After the above, 16S rRNA amplicons for sequencing were prepared by using a Herculase II Fusion DNA Polymerase Nextera XT Index Kit V2 for MiSeq System (Illumina, San Diego, CA, USA) as follows. First, DNA was extracted from the stevia ferment, quality control (QC) was performed, and libraries were constructed with the validated samples. The sequencing library was constructed by the random fragmentation of DNA samples followed by the ligation of 5’ and 3’ adapters, and then the adapter-ligated fragments were PCR-amplified and gel-purified. Next, microbial community analysis was performed by sequencing the templates using Illumina SBS technology with the distinct clone clusters generated.

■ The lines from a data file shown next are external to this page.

definition bose_expansion :: "real \<Rightarrow> (nat \<Rightarrow> real) \<Rightarrow> nat \<Rightarrow> int \<Rightarrow> complex" where
  "bose_expansion T E I m =
     (\<Sum>S\<in>Pow {..<I}. of_real (bose_weight T E {..<I} S) * matsubara_coeff T m (\<Sum>j<I. reflect_on S E j))"

definition matsubara_modes :: "nat \<Rightarrow> int \<Rightarrow> (nat \<Rightarrow> int) set" where
  "matsubara_modes I m = {n \<in> {..<I} \<rightarrow>\<^sub>E (UNIV :: int set). (\<Sum>j<I. n j) = m}"

lemma bose_expansion_Suc:
  "bose_expansion T E (Suc I) m =
     (\<Sum>S\<in>Pow {..<I}. of_real (bose_weight T E {..<I} S) *
        (of_real (1 + bose T (E I)) * matsubara_coeff T m ((\<Sum>j<I. reflect_on S E j) + E I)
         + of_real (bose T (E I)) * matsubara_coeff T m ((\<Sum>j<I. reflect_on S E j) - E I)))"
proof -
  have weight: "bose_weight T E {..<Suc I} S = (1 + bose T (E I)) * bose_weight T E {..<I} S"
    and weight_insert: "bose_weight T E {..<Suc I} (insert I S) = bose T (E I) * bose_weight T E {..<I} S"
    if "S \<in> Pow {..<I}" for S
  proof -
    from that have "I \<notin> S" "finite S"
      by (auto intro: finite_subset)
    then show "bose_weight T E {..<Suc I} S = (1 + bose T (E I)) * bose_weight T E {..<I} S"
      and "bose_weight T E {..<Suc I} (insert I S) = bose T (E I) * bose_weight T E {..<I} S"
      by (simp_all add: bose_weight_def lessThan_Suc insert_Diff_if mult_ac)
  qed
  have reflect: "reflect_on S E I = E I" "reflect_on (insert I S) E I = - E I"
    "(\<Sum>j<I. reflect_on (insert I S) E j) = (\<Sum>j<I. reflect_on S E j)"
    if "S \<in> Pow {..<I}" for S
    using that by (auto simp: reflect_on_def intro!: sum.cong)
  have split: "(\<Sum>S\<in>Pow {..<Suc I}. g S) = (\<Sum>S\<in>Pow {..<I}. g S + g (insert I S))" for g
    by (simp add: lessThan_Suc sum_Pow_insert sum.distrib)
  show ?thesis
    unfolding bose_expansion_def split
    by (intro sum.cong refl) (simp add: weight weight_insert reflect algebra_simps)
qed

lemma bose_expansion_Suc_convolution:
  assumes T: "T > 0" and E: "E I \<noteq> 0"
  shows "((\<lambda>k. of_real (T * matsubara_propagator T (E I) k) * (of_real T * bose_expansion T E I (m - k)))
            has_sum of_real T * bose_expansion T E (Suc I) m) UNIV"
proof -
  let ?F = "\<lambda>S k. of_real T * matsubara_coeff T (m - k) (\<Sum>j<I. reflect_on S E j)"
  have "of_real (T * matsubara_propagator T (E I) k) * (of_real T * bose_expansion T E I (m - k))
          = of_real T * (\<Sum>S\<in>Pow {..<I}. of_real (bose_weight T E {..<I} S) *
              (of_real (1 + bose T (E I)) * (?F S k * matsubara_coeff T k (E I))
               + of_real (bose T (E I)) * (?F S k * matsubara_coeff T k (- E I))))" for k
    using T E
    by (simp add: bose_expansion_def matsubara_propagator_decomp sum_distrib_left sum.distrib algebra_simps)
  then have "((\<lambda>k. of_real (T * matsubara_propagator T (E I) k) * (of_real T * bose_expansion T E I (m - k)))
               has_sum of_real T * (\<Sum>S\<in>Pow {..<I}. of_real (bose_weight T E {..<I} S) *
                 (of_real (1 + bose T (E I)) * matsubara_coeff T m ((\<Sum>j<I. reflect_on S E j) + E I)
                  + of_real (bose T (E I)) * matsubara_coeff T m ((\<Sum>j<I. reflect_on S E j) + - E I)))) UNIV"
    using T E
    by (simp only:) (intro has_sum_cmult_right has_sum_sum has_sum_add matsubara_coeff_convolution; simp)
  then show ?thesis
    by (simp add: bose_expansion_Suc)
qed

2.8. Human Skin Irritation Test

The primary human skin irritation test of six extracts of stevia ferment was conducted in accordance with the Korean Ministry of Food and Drug Safety (MFDS), Personal Care Products Council (PCPC) guidelines, and the standard operating procedure of Dermapro Inc. (SOP) (Seoul, Republic of Korea). After 24 h of application of 1 mg concentration of the test product prepared with squalane on the back of the test subjects using Van der Bend, the test product was removed and observed after 20 min and 24 h, and the evaluation criteria were evaluated according to PCPC guidelines (Table 1). The skin reaction results for each test substep were calculated according to the following formula.
Response = ( G r a d e × N o .   o f   R e s p o n d e r s ) 4 ( M a x i m u m   G r a d e ) × n ( T o t a l   S u b j e c t s ) × 100 × 1 / 2

2.9. Statistical Analyses

All the experiment results are expressed as the mean ± standard deviation (SD) of at least three independent experiments. Statistical analyses were performed using Student’s t-tests or a one-way ANOVA using IBM SPSS (v. 20, SPSS Inc., Armonk, NY, USA). p-values < 0.05 (*), 0.01 (**), or 0.001 (***) were marked as statistically significant.

3. Results and Discussion

3.1. Antioxidant and Antidiabetic Capacity of Stevia Ferments

Six 50% acetone extracts of stevia ferments obtained after incubation for 1, 3, and 5 days were tested at concentrations of 500, 250, 125, 62.5, and 31.25 μg/mL. As depicted in Figure 1, fermentations with sucrose solution exhibited relatively superior antioxidant capacity compared to those with TSB, with respective IC50 values of 914.44 ± 91.51 μg/mL, 256.56 ± 23.67 μg/mL, and 174.38 ± 16.11 μg/mL for DPPH scavenging. Additionally, the DPPH radical scavenging ability improved as the fermentation progressed. Consistent with the DPPH scavenging results, the comparison of antioxidant capacity, using an ABTS assay, also demonstrated the superiority of stevia fermentation with sucrose. The corresponding IC50 values were 340.02 ± 46.33 μg/mL, 80.88 ± 6.49 μg/mL, and 57.98 ± 6.93 μg/mL, respectively, with ABTS radical scavenging capacity increasing as fermentation progressed (Figure 2).
The diabetic population has witnessed a significant increase over the past two decades, establishing it as a global epidemic. One therapeutic approach to managing diabetes involves the development of α-glucosidase inhibitor drugs. These inhibitors work by impeding the hydrolysis of disaccharides into glucose monomers through reversible and competitive inhibition, thereby curtailing glucose absorption and mitigating postprandial hyperglycemic effects. Consequently, α-glucosidase inhibitors have emerged as a promising strategy for treating type 2 diabetes [24,25,26]; however, synthetic α-glucosidase inhibitors often trigger gastrointestinal side effects, such as flatulence, abdominal pain, and diarrhea. Consequently, discovering effective and safe alternative α-glucosidase inhibitors devoid of side effects poses an urgent challenge. On another front, since diabetes contributes to complications stemming from free radical reactions, utilizing antioxidants in diabetes treatment can forestall diabetic complications [27,28,29]. Hence, we assessed the α-glucosidase inhibitory activity of stevia ferments with confirmed antioxidant capacity. As illustrated in Figure 3, among the six stevia ferments, significant α-glucosidase inhibitory activity was only observed in the sample from the third day with sucrose. The IC50 value of the third-day sample with sucrose was 212.81 ± 2.15 μg/mL (p < 0.05).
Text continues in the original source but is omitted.